Supplied data:

++++++++

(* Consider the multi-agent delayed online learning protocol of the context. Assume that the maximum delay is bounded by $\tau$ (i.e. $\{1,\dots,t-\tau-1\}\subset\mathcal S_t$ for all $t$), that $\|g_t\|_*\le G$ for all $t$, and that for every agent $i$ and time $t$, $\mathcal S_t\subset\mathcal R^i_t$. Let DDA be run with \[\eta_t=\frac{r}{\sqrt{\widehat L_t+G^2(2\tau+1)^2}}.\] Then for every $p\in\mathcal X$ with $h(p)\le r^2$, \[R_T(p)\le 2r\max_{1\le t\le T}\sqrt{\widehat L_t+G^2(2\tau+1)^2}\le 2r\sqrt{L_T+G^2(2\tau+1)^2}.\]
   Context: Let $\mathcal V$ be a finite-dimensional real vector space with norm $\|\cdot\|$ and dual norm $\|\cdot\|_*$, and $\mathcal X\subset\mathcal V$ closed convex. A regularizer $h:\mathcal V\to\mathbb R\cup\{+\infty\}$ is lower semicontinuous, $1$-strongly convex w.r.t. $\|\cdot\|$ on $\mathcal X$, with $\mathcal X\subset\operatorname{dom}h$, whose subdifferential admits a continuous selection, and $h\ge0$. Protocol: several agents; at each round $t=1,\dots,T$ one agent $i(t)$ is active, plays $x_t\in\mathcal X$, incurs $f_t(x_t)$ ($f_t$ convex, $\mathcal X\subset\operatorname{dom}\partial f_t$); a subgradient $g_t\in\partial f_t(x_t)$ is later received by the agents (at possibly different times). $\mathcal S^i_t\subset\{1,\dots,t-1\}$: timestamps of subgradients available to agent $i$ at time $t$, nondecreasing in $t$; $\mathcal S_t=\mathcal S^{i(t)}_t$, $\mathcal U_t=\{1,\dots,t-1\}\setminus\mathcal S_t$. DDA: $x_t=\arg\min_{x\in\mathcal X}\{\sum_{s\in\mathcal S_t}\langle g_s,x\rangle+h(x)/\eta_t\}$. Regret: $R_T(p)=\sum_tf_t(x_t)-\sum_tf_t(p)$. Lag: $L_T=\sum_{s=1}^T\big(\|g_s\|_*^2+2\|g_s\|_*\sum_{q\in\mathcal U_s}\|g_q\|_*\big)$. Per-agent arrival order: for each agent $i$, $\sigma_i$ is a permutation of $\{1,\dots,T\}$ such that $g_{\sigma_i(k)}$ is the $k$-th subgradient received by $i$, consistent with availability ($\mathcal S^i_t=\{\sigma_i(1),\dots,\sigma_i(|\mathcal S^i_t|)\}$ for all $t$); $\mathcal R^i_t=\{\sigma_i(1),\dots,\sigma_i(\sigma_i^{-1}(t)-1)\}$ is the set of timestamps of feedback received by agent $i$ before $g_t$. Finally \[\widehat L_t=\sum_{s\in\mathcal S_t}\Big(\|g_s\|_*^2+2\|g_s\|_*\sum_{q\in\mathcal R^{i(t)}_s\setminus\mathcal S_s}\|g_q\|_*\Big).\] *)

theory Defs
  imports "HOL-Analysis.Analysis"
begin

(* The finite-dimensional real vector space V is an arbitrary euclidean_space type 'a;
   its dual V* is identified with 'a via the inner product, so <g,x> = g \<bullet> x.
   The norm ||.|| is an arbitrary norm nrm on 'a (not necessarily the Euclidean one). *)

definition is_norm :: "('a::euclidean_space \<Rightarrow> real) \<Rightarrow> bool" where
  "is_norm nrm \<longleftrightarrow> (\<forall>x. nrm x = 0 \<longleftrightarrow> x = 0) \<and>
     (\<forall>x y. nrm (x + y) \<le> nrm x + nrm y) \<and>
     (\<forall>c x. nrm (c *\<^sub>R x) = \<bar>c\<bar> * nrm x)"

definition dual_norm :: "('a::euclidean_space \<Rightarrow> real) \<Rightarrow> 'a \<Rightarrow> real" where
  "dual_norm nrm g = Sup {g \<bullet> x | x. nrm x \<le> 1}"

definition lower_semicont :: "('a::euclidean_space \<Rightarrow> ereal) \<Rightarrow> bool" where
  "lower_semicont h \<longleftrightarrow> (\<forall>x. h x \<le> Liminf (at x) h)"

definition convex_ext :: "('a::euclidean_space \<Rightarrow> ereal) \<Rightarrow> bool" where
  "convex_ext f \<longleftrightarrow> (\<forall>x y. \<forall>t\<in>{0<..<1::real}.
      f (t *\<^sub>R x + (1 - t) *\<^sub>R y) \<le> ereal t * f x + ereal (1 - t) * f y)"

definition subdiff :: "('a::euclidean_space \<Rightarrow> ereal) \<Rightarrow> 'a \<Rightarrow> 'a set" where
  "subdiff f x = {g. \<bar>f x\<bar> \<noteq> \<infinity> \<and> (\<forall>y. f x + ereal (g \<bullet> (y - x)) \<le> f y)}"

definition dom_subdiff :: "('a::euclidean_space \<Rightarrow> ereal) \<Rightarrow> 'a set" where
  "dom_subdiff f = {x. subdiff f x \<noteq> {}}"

++++++++

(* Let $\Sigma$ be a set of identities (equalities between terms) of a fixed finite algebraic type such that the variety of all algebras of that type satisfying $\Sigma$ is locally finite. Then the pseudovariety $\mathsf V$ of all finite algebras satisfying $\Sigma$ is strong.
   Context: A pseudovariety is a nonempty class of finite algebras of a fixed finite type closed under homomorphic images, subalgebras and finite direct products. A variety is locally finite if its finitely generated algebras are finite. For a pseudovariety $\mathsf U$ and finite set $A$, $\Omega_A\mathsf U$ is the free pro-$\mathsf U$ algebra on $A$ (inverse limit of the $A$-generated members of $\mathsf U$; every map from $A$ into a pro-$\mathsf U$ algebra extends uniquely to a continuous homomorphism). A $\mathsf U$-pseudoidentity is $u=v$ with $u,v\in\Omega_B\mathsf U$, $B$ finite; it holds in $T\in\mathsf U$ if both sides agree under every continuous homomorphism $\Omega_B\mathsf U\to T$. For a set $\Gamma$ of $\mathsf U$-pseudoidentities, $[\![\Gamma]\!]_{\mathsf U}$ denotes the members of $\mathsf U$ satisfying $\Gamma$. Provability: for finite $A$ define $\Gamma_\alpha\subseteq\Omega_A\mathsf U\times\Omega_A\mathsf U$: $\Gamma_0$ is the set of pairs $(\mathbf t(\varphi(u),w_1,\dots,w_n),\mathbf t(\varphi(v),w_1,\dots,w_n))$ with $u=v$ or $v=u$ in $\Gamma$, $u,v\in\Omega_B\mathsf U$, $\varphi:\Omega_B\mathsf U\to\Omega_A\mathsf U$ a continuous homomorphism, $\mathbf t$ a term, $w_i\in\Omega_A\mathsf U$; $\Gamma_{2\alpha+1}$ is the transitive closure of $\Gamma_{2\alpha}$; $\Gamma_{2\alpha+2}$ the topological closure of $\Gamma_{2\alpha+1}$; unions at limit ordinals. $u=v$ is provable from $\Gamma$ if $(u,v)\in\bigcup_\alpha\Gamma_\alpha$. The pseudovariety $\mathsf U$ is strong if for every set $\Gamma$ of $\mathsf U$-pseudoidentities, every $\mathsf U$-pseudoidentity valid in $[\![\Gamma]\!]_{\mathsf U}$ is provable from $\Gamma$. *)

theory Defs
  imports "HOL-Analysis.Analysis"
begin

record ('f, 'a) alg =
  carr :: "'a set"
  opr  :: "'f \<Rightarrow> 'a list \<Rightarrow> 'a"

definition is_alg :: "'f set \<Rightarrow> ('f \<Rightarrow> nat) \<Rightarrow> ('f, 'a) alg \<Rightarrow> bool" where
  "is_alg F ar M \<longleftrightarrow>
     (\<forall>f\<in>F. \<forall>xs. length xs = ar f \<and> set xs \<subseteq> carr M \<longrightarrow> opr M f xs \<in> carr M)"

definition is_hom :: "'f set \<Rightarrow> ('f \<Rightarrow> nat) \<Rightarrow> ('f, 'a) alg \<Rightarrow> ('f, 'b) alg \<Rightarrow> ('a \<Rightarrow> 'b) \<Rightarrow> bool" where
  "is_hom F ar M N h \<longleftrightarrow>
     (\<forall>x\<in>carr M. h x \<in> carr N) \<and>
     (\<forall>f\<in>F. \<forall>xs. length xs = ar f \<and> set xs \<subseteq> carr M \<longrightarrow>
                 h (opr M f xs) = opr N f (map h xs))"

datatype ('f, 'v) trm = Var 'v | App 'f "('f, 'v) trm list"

++++++++

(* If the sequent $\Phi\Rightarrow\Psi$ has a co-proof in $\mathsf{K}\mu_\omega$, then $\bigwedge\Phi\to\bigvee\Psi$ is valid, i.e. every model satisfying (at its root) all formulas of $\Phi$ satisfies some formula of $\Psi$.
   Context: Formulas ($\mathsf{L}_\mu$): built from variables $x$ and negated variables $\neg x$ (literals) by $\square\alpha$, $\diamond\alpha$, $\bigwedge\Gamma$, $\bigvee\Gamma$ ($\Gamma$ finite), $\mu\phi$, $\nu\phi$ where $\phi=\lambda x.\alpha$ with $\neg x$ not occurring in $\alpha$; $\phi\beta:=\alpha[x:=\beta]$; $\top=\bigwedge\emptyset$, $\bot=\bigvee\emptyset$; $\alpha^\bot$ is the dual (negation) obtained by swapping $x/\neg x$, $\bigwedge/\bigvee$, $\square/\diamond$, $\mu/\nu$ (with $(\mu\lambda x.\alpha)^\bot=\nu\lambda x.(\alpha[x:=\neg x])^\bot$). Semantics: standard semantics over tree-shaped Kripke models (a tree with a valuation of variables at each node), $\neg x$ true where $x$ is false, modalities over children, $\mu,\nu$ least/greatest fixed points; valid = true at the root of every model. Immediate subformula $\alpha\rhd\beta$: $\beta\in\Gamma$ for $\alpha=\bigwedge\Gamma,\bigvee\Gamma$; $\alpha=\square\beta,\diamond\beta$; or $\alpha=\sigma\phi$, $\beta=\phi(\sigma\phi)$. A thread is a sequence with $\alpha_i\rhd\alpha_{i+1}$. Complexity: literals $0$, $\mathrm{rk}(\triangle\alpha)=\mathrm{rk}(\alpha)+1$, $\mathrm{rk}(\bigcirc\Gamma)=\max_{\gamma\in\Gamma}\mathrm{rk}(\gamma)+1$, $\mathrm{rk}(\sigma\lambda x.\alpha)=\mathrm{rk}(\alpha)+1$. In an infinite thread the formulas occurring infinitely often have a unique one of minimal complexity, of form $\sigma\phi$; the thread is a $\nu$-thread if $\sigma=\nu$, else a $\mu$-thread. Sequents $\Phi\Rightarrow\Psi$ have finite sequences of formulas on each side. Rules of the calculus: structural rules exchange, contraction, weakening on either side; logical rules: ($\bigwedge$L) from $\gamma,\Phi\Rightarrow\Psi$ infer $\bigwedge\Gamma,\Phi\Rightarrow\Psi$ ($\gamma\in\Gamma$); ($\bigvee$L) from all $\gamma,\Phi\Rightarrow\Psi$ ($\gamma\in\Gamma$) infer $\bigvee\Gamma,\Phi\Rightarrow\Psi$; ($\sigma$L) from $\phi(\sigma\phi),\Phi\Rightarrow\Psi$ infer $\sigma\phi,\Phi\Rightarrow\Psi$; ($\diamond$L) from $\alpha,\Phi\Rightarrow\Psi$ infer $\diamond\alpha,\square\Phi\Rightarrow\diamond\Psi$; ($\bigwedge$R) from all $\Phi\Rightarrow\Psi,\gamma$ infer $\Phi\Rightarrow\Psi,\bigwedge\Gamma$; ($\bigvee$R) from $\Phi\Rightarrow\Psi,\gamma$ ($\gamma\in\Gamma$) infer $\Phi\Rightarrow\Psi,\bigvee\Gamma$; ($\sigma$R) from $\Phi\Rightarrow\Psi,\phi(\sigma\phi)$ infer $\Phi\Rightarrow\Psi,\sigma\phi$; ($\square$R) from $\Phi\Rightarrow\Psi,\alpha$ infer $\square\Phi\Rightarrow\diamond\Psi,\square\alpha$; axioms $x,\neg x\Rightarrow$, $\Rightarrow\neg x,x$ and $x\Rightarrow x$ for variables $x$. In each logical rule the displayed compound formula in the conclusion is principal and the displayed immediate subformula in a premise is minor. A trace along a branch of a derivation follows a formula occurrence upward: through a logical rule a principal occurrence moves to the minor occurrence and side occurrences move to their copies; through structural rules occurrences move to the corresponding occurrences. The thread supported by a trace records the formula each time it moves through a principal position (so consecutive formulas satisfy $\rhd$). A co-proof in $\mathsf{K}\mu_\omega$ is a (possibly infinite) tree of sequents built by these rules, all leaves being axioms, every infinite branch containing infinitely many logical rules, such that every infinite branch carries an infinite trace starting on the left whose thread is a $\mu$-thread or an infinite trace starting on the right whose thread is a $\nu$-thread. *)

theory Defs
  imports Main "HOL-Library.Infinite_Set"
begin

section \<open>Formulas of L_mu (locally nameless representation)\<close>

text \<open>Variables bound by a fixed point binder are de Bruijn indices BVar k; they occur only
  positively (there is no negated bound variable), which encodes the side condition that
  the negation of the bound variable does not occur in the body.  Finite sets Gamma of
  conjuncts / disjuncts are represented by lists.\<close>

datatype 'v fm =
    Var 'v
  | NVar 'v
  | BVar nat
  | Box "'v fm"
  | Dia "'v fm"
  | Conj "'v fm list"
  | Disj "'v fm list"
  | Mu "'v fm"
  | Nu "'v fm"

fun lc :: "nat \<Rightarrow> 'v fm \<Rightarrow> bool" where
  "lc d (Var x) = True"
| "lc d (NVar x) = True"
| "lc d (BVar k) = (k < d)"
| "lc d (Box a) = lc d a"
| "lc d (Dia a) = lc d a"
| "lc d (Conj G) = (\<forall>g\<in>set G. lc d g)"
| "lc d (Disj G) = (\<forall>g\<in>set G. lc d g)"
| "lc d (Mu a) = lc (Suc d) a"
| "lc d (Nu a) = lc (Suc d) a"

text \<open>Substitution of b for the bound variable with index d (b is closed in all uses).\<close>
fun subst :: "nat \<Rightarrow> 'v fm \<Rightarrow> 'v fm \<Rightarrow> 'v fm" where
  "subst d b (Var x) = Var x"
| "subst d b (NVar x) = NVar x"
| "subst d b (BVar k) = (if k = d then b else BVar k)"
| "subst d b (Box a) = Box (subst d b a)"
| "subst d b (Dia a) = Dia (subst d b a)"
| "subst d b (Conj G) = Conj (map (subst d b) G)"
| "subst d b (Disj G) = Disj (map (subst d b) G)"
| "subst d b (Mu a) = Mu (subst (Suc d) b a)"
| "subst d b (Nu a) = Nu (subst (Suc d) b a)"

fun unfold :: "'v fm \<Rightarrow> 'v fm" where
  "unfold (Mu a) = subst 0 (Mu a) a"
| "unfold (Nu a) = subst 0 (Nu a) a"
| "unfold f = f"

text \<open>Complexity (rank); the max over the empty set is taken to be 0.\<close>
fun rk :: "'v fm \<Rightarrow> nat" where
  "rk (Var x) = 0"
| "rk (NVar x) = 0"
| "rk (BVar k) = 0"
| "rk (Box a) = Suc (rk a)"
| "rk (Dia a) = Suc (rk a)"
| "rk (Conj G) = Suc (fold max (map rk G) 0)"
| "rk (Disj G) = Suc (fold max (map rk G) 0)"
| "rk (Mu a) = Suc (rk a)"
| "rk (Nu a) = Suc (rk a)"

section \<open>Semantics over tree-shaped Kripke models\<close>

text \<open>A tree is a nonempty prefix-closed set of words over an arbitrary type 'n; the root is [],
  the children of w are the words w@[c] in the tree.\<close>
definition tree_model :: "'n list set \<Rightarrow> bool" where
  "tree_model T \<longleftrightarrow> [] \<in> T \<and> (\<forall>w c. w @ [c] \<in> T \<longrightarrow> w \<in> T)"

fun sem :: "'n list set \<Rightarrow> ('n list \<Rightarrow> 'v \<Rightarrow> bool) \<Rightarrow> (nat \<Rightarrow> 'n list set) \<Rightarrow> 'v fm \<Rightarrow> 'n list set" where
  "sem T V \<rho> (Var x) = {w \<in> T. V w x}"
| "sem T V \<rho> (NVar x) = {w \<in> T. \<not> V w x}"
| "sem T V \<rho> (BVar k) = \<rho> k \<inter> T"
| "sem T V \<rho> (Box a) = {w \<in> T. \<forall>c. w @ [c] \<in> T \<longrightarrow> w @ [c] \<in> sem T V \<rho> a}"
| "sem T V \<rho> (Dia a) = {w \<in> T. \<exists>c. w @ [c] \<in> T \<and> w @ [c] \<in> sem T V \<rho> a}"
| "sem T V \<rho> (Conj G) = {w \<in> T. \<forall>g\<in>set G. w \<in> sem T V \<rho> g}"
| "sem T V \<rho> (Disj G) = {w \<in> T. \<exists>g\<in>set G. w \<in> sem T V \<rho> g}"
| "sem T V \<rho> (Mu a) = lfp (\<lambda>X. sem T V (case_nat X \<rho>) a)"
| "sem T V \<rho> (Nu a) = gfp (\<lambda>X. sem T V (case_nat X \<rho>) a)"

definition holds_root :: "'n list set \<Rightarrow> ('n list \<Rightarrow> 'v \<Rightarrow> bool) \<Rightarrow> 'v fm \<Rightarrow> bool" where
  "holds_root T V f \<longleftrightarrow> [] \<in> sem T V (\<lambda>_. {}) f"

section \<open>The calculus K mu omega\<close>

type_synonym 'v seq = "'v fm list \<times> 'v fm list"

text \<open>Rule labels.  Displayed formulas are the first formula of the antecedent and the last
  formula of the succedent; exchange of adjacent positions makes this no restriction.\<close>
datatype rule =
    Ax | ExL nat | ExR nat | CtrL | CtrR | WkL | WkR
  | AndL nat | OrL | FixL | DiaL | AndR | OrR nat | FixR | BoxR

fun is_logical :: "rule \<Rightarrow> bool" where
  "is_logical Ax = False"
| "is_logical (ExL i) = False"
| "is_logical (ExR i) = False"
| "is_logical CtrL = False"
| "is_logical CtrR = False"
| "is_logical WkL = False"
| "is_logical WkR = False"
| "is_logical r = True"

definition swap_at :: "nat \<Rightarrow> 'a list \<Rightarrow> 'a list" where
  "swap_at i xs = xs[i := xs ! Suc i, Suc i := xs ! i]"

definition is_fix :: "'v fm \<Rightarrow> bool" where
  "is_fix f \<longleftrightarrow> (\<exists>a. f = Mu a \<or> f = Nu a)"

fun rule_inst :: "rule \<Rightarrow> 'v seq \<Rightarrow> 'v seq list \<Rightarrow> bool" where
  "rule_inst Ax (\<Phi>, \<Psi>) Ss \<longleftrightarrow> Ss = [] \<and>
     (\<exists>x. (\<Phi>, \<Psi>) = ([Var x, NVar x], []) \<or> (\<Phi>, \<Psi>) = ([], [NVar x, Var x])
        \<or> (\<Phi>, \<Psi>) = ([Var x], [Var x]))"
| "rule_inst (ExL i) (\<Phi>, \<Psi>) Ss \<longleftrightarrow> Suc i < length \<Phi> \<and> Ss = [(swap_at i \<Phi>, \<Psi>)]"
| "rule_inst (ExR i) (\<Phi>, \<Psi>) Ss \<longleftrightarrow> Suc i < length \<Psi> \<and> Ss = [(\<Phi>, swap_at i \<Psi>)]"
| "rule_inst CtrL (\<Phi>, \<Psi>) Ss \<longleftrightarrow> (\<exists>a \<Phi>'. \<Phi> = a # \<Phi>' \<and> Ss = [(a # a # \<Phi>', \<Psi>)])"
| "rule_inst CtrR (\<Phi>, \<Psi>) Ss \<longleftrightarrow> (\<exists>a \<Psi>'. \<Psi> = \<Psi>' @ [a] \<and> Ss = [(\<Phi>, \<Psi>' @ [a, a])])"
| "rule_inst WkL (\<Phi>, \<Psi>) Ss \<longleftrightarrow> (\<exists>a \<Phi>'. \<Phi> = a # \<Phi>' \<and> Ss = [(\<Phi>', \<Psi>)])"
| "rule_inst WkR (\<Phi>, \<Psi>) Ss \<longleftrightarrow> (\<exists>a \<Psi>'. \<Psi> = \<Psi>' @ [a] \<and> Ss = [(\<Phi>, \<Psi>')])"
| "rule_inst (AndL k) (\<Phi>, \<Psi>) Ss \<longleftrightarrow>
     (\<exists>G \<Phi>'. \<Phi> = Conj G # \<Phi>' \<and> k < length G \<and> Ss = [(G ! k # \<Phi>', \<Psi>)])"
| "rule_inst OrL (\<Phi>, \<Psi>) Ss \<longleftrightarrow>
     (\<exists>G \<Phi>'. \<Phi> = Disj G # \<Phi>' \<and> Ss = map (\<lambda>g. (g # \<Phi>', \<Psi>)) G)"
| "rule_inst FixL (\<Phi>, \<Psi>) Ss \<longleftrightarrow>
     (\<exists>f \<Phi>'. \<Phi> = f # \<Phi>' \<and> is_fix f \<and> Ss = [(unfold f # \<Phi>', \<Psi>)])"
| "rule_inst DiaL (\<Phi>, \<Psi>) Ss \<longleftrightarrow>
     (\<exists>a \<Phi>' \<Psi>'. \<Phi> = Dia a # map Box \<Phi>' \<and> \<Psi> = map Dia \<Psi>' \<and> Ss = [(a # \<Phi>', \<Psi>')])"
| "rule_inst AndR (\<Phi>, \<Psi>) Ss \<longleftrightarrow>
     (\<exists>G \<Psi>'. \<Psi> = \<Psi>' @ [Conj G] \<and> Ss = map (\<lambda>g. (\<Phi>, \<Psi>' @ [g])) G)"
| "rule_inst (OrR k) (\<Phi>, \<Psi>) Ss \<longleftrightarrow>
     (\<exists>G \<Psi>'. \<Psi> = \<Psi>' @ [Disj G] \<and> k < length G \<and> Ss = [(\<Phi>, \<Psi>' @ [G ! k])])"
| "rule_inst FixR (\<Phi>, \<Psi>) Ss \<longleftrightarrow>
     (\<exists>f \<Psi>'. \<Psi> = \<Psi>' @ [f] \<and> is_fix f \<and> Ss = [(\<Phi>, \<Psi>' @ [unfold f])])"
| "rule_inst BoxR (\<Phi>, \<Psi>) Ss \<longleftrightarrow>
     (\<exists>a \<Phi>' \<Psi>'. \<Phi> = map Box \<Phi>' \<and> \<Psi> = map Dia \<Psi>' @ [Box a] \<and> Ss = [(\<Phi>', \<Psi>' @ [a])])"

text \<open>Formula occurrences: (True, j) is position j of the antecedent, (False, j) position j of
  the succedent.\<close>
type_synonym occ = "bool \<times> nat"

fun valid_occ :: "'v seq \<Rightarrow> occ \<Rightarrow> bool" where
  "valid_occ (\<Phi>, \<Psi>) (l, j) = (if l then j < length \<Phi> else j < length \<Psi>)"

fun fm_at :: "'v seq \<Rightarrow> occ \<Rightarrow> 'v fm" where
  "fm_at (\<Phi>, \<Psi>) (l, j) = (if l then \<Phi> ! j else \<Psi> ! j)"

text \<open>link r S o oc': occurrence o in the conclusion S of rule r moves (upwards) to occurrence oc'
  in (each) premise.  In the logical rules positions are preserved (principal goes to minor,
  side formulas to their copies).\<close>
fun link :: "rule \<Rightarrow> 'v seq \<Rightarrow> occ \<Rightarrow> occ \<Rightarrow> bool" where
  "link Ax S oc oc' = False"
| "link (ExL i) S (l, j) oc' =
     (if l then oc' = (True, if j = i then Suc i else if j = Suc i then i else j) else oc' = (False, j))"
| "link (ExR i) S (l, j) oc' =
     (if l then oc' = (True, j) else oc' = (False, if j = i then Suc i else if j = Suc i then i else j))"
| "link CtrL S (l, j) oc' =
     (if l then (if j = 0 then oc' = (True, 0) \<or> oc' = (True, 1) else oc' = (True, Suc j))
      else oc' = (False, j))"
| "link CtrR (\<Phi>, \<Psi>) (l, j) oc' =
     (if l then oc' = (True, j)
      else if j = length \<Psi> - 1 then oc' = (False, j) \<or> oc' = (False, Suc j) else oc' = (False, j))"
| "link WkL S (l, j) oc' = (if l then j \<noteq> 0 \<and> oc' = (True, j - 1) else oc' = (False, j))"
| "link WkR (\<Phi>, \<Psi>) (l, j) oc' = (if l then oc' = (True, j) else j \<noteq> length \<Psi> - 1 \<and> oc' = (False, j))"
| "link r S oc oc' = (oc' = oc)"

++++++++

Task objective:
Note every line of the entries in which "CtrL" appears, and copy it down.

Solution:
    Ax | ExL nat | ExR nat | CtrL | CtrR | WkL | WkR
| "is_logical CtrL = False"
| "rule_inst CtrL (\<Phi>, \<Psi>) Ss \<longleftrightarrow> (\<exists>a \<Phi>'. \<Phi> = a # \<Phi>' \<and> Ss = [(a # a # \<Phi>', \<Psi>)])"
| "link CtrL S (l, j) oc' =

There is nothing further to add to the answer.